─── Data extracts
lemma dominated_graph_line: "dominated_graph x0 {(t *\<^sub>R x0, t * norm x0) | t. True}"
  (is "dominated_graph x0 ?L")
  unfolding dominated_graph_def
proof (intro conjI allI impI)
  fix x a b assume "(x, a) \<in> ?L" "(x, b) \<in> ?L"
  then obtain t1 t2 where "x = t1 *\<^sub>R x0" "a = t1 * norm x0" "x = t2 *\<^sub>R x0" "b = t2 * norm x0"
    by blast
  then show "a = b" by (metis norm_zero mult_zero_right scaleR_cancel_right)
next
  fix x a y b assume "(x, a) \<in> ?L" "(y, b) \<in> ?L"
  then obtain t1 t2 where "x = t1 *\<^sub>R x0" "a = t1 * norm x0" "y = t2 *\<^sub>R x0" "b = t2 * norm x0"
    by blast
  then show "(x + y, a + b) \<in> ?L" by (auto intro!: exI[of _ "t1 + t2"] simp: algebra_simps)
next
  fix x a t assume "(x, a) \<in> ?L"
  then obtain t1 where "x = t1 *\<^sub>R x0" "a = t1 * norm x0" by blast
  then show "(t *\<^sub>R x, t * a) \<in> ?L" by (auto intro!: exI[of _ "t * t1"])
next
  fix x a assume "(x, a) \<in> ?L"
  then show "a \<le> norm x" by (auto simp: mult_right_mono)
next
  show "(x0, norm x0) \<in> ?L" by (auto intro!: exI[of _ 1])
qed

lemma dominated_graph_chain_Union:
  assumes C: "C \<in> chains {G. dominated_graph x0 G}" "C \<noteq> {}"
  shows "dominated_graph x0 (\<Union>C)"
proof -
  have good: "\<And>X. X \<in> C \<Longrightarrow> dominated_graph x0 X" and ch: "\<And>X Y. X \<in> C \<Longrightarrow> Y \<in> C \<Longrightarrow> X \<subseteq> Y \<or> Y \<subseteq> X"
    using C(1) unfolding chains_def chain_subset_def by blast+
  show ?thesis
    unfolding dominated_graph_def
  proof (intro conjI allI impI)
    fix x a b assume "(x, a) \<in> \<Union>C" "(x, b) \<in> \<Union>C"
    then obtain X Y where "X \<in> C" "Y \<in> C" "(x, a) \<in> X" "(x, b) \<in> Y" by blast
    then show "a = b" using ch[of X Y] dominated_graphD(1)[OF good] by blast
  next
    fix x a y b assume "(x, a) \<in> \<Union>C" "(y, b) \<in> \<Union>C"
    then obtain X Y where "X \<in> C" "Y \<in> C" "(x, a) \<in> X" "(y, b) \<in> Y" by blast
    then show "(x + y, a + b) \<in> \<Union>C"
      using ch[of X Y] dominated_graphD(2)[OF good] by (meson UnionI subsetD)
  next
    fix x a t assume "(x, a) \<in> \<Union>C"
    then show "(t *\<^sub>R x, t * a) \<in> \<Union>C" using dominated_graphD(3)[OF good] by blast
  next
    fix x a assume "(x, a) \<in> \<Union>C"
    then show "a \<le> norm x" using dominated_graphD(4)[OF good] by blast
  next
    show "(x0, norm x0) \<in> \<Union>C" using C(2) dominated_graphD(5)[OF good] by blast
  qed
qed

lemma real_norming_functional:
  fixes x0 :: "'a::real_normed_vector"
  shows "\<exists>g. linear g \<and> (\<forall>x. g x \<le> norm x) \<and> g x0 = norm x0"
proof -
  define \<G> where "\<G> = {G. dominated_graph x0 G}"
  have "\<forall>C\<in>chains \<G>. \<exists>U\<in>\<G>. \<forall>X\<in>C. X \<subseteq> U"
  proof
    fix C assume C: "C \<in> chains \<G>"
    show "\<exists>U\<in>\<G>. \<forall>X\<in>C. X \<subseteq> U"
    proof (cases "C = {}")
      case True
      then show ?thesis using dominated_graph_line unfolding \<G>_def by blast
    next
      case False
      then show ?thesis using dominated_graph_chain_Union[OF C[unfolded \<G>_def]] unfolding \<G>_def by blast
    qed
  qed
  from Zorn_Lemma2[OF this] obtain M where M: "dominated_graph x0 M"
    and max: "\<And>G. dominated_graph x0 G \<Longrightarrow> M \<subseteq> G \<Longrightarrow> G = M"
    unfolding \<G>_def by blast
  have total: "\<exists>a. (y, a) \<in> M" for y
    using dominated_graph_extend[OF M] max by blast
  define g where "g x = (THE a. (x, a) \<in> M)" for x
  have gM: "(x, a) \<in> M \<longleftrightarrow> g x = a" for x a
    using total dominated_graphD(1)[OF M] unfolding g_def by (metis theI)
  show ?thesis
  proof (intro exI conjI allI)
    show "linear g"
    proof (rule linearI)
      show "g (x + y) = g x + g y" for x y
        using dominated_graphD(2)[OF M] gM by blast
      show "g (t *\<^sub>R x) = t *\<^sub>R g x" for t x
        using dominated_graphD(3)[OF M] gM by simp
    qed
    show "g x \<le> norm x" for x using dominated_graphD(4)[OF M] gM by blast
    show "g x0 = norm x0" using dominated_graphD(5)[OF M] gM by blast
  qed
qed


section \<open>Bounded complex-linear functionals\<close>

definition clinear_functional :: "('a::complex_banach \<Rightarrow> complex) \<Rightarrow> bool" where
  "clinear_functional f \<longleftrightarrow> (\<forall>x y. f (x + y) = f x + f y) \<and> (\<forall>c x. f (scaleC c x) = c * f x)"

lemma clinear_functionalD:
  assumes "clinear_functional f"
  shows "f (x + y) = f x + f y" "f (scaleC c x) = c * f x" "f 0 = 0" "f (- x) = - f x"
    "f (x - y) = f x - f y"
proof -
  have add: "\<And>x y. f (x + y) = f x + f y" and scale: "\<And>c x. f (scaleC c x) = c * f x"
    using assms unfolding clinear_functional_def by blast+
  show "f (x + y) = f x + f y" "f (scaleC c x) = c * f x" by (fact add scale)+
  show "f 0 = 0" using scale[of 0 0] by simp
  show minus: "f (- x) = - f x" for x using scale[of "-1" x] by simp
  show "f (x - y) = f x - f y" using add[of x "- y"] minus[of y] by simp
qed

definition cdual :: "('a::complex_banach \<Rightarrow> complex) set" where
  "cdual = {g. clinear_functional g \<and> (\<exists>K. \<forall>x. cmod (g x) \<le> K * norm x)}"

lemma cdual_clinear: "g \<in> cdual \<Longrightarrow> clinear_functional g"
  unfolding cdual_def by blast

lemmas cdualD = clinear_functionalD[OF cdual_clinear]

lemma cdual_bound: "g \<in> cdual \<Longrightarrow> \<exists>K. \<forall>x. cmod (g x) \<le> K * norm x"
  unfolding cdual_def by blast

lemma cdualI:
  assumes "\<And>x y. g (x + y) = g x + g y" "\<And>c x. g (scaleC c x) = c * g x"
    and "\<And>x. cmod (g x) \<le> K * norm x"
  shows "g \<in> cdual"
  unfolding cdual_def clinear_functional_def using assms by blast

lemma cdual_apply_sum: "g \<in> cdual \<Longrightarrow> g (sum f S) = (\<Sum>i\<in>S. g (f i))"
  by (induction S rule: infinite_finite_induct) (auto simp: cdualD)

lemma cdual_zero: "(\<lambda>x. 0) \<in> cdual"
  by (rule cdualI[where K=0]) auto

lemma cdual_add:
  assumes g: "g \<in> cdual" and h: "h \<in> cdual"
  shows "(\<lambda>x. g x + h x) \<in> cdual"
proof -
  obtain K1 K2 where K1: "\<And>x. cmod (g x) \<le> K1 * norm x" and K2: "\<And>x. cmod (h x) \<le> K2 * norm x"
    using cdual_bound[OF g] cdual_bound[OF h] by blast
  have "cmod (g x + h x) \<le> (K1 + K2) * norm x" for x
    using norm_triangle_ineq[of "g x" "h x"] K1[of x] K2[of x] by (simp add: algebra_simps)
  then show ?thesis by (intro cdualI[where K="K1 + K2"]) (auto simp: cdualD[OF g] cdualD[OF h] algebra_simps)
qed

lemma cdual_mult:
  assumes g: "g \<in> cdual"
  shows "(\<lambda>x. c * g x) \<in> cdual"
proof -
  obtain K where K: "\<And>x. cmod (g x) \<le> K * norm x" using cdual_bound[OF g] by blast
  have "cmod (c * g x) \<le> (cmod c * K) * norm x" for x
    using mult_left_mono[OF K[of x], of "cmod c"] by (simp add: norm_mult algebra_simps)
  then show ?thesis by (intro cdualI[where K="cmod c * K"]) (auto simp: cdualD[OF g] algebra_simps)
qed

lemma cdual_sum: "(\<And>i. i \<in> S \<Longrightarrow> g i \<in> cdual) \<Longrightarrow> (\<lambda>x. \<Sum>i\<in>S. g i x) \<in> cdual"
  by (induction S rule: infinite_finite_induct) (simp_all add: cdual_zero cdual_add)

lemma cdual_comp_bops:
  assumes g: "g \<in> cdual" and T: "T \<in> bops"
  shows "(\<lambda>x. g (T x)) \<in> cdual"
proof -
  obtain K1 where K1: "\<And>x. cmod (g x) \<le> K1 * norm x" using cdual_bound[OF g] by blast
  obtain K2 where K2: "\<And>x. norm (T x) \<le> norm x * K2"
    using bounded_linear.bounded[OF bopsD(6)[OF T]] by blast
  have "cmod (g (T x)) \<le> (\<bar>K1\<bar> * K2) * norm x" for x
  proof -
    have "cmod (g (T x)) \<le> \<bar>K1\<bar> * norm (T x)"
      using K1[of "T x"] by (meson abs_ge_self mult_right_mono norm_ge_zero order_trans)
    also have "\<dots> \<le> \<bar>K1\<bar> * (norm x * K2)" using K2[of x] by (simp add: mult_left_mono)
    finally show ?thesis by (simp add: algebra_simps)
  qed
  then show ?thesis by (intro cdualI[where K="\<bar>K1\<bar> * K2"]) (auto simp: cdualD[OF g] bopsD[OF T])
qed

lemma scaleC_Re_Im: "scaleC c x = Re c *\<^sub>R x + Im c *\<^sub>R scaleC \<i> (x::'a::complex_banach)"
proof -
  have "Re c *\<^sub>R x + Im c *\<^sub>R scaleC \<i> x = scaleC (complex_of_real (Re c) + complex_of_real (Im c) * \<i>) x"
    by (simp add: scaleR_scaleC scaleC_add_left)
  also have "complex_of_real (Re c) + complex_of_real (Im c) * \<i> = c"
    by (simp add: complex_eq_iff)
  finally show ?thesis by simp
qed

text \<open>The complex Hahn-Banach theorem, via the complexification \<open>x \<mapsto> g x - \<i> g (\<i> x)\<close> of a
  real norming functional \<open>g\<close>.\<close>
lemma cdual_exists_eq_1:
  fixes x0 :: "'a::complex_banach"
  assumes x0: "x0 \<noteq> 0"
  shows "\<exists>g\<in>cdual. g x0 = 1"
proof -
  obtain g where g: "linear g" and gb: "\<And>x. g x \<le> norm x" and g0: "g x0 = norm x0"
    using real_norming_functional[of x0] by blast
  have gadd: "g (x + y) = g x + g y" and gsc: "g (t *\<^sub>R x) = t * g x" for x y t
    using linear_add[OF g] linear_scale[OF g] by simp_all
  have gabs: "\<bar>g x\<bar> \<le> norm x" for x
    using gb[of x] gb[of "- x"] linear_neg[OF g, of x] by simp
  define h where "h x = complex_of_real (g x) - \<i> * complex_of_real (g (scaleC \<i> x))" for x
  have gC: "g (scaleC c x) = Re c * g x + Im c * g (scaleC \<i> x)" for c x
    by (subst scaleC_Re_Im) (simp add: gadd gsc)
  have hadd: "h (x + y) = h x + h y" for x y
    unfolding h_def by (simp add: gadd algebra_simps)
  have hsc: "h (scaleC c x) = c * h x" for c x
  proof -
    have "g (scaleC \<i> (scaleC c x)) = - Im c * g x + Re c * g (scaleC \<i> x)"
      using gC[of "\<i> * c" x] by simp
    moreover have "complex_of_real (Re c * p + Im c * q) - \<i> * complex_of_real (- Im c * p + Re c * q)
        = c * (complex_of_real p - \<i> * complex_of_real q)" for p q
      by (simp add: complex_eq_iff)
    ultimately show ?thesis unfolding h_def gC[of c x] by simp
  qed
  have hb: "cmod (h x) \<le> 2 * norm x" for x
  proof -
    have "cmod (h x) \<le> cmod (complex_of_real (g x)) + cmod (\<i> * complex_of_real (g (scaleC \<i> x)))"
      unfolding h_def by (rule norm_triangle_ineq4)
    also have "\<dots> = \<bar>g x\<bar> + \<bar>g (scaleC \<i> x)\<bar>" by (simp add: norm_mult)
    also have "\<dots> \<le> 2 * norm x" using gabs[of x] gabs[of "scaleC \<i> x"] by (simp add: norm_scaleC)
    finally show ?thesis .
  qed
  have hx0: "h x0 \<noteq> 0"
  proof
    assume "h x0 = 0"
    then have "Re (h x0) = 0" by simp
    then show False using g0 x0 unfolding h_def by simp
  qed
  have "(\<lambda>x. h x / h x0) \<in> cdual"
  proof (rule cdualI)
    show "h (x + y) / h x0 = h x / h x0 + h y / h x0" for x y by (simp add: hadd add_divide_distrib)
    show "h (scaleC c x) / h x0 = c * (h x / h x0)" for c x by (simp add: hsc)
    show "cmod (h x / h x0) \<le> (2 / cmod (h x0)) * norm x" for x
      using hb[of x] hx0 by (simp add: norm_divide divide_right_mono)
  qed
  then show ?thesis using hx0 by (intro bexI[of _ "\<lambda>x. h x / h x0"]) simp_all
qed

lemma cdual_separation:
  fixes y u u' :: "'a::complex_banach"
  assumes y: "y \<noteq> 0" and agree: "\<And>g. g \<in> cdual \<Longrightarrow> g y \<noteq> 0 \<Longrightarrow> g u = g u'"
  shows "u = u'"
proof (rule ccontr)
  assume "u \<noteq> u'"
  then have "u - u' \<noteq> 0" by simp
  then obtain g2 where g2: "g2 \<in> cdual" "g2 (u - u') = 1" using cdual_exists_eq_1 by blast
  obtain g1 where g1: "g1 \<in> cdual" "g1 y = 1" using cdual_exists_eq_1[OF y] by blast
  have vanish: "g (u - u') = 0" if "g \<in> cdual" "g y \<noteq> 0" for g
    using agree[OF that] cdualD(5)[OF that(1)] by simp
  have g1u: "g1 (u - u') = 0" using vanish g1 by simp
  \<comment> \<open>\<open>g1 + t g2\<close> is nonzero at \<open>y\<close> for \<open>t = 1\<close> or \<open>t = -1\<close>, but takes the value \<open>t\<close> at \<open>u - u'\<close>.\<close>
  obtain t :: complex where t: "t \<noteq> 0" "1 + t * g2 y \<noteq> 0"
  proof (cases "1 + g2 y = 0")
    case True
    then have "1 + (-1) * g2 y = 2" by (simp add: add_eq_0_iff)
    then show ?thesis using that[of "-1"] by simp
  next
    case False
    then show ?thesis using that[of 1] by simp
  qed
  have "(\<lambda>x. g1 x + t * g2 x) \<in> cdual" by (intro cdual_add cdual_mult g1(1) g2(1))
  moreover have "g1 y + t * g2 y \<noteq> 0" using g1 t by simp
  ultimately have "g1 (u - u') + t * g2 (u - u') = 0" using vanish by blast
  then show False using g1u g2 t by simp
qed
──────
* [Assigned task]: Wherever "dots" turns up in the records, copy the whole line.

* [Exercise solution]:
    also have "\<dots> \<le> \<bar>K1\<bar> * (norm x * K2)" using K2[of x] by (simp add: mult_left_mono)
    also have "\<dots> = \<bar>g x\<bar> + \<bar>g (scaleC \<i> x)\<bar>" by (simp add: norm_mult)
    also have "\<dots> \<le> 2 * norm x" using gabs[of x] gabs[of "scaleC \<i> x"] by (simp add: norm_scaleC)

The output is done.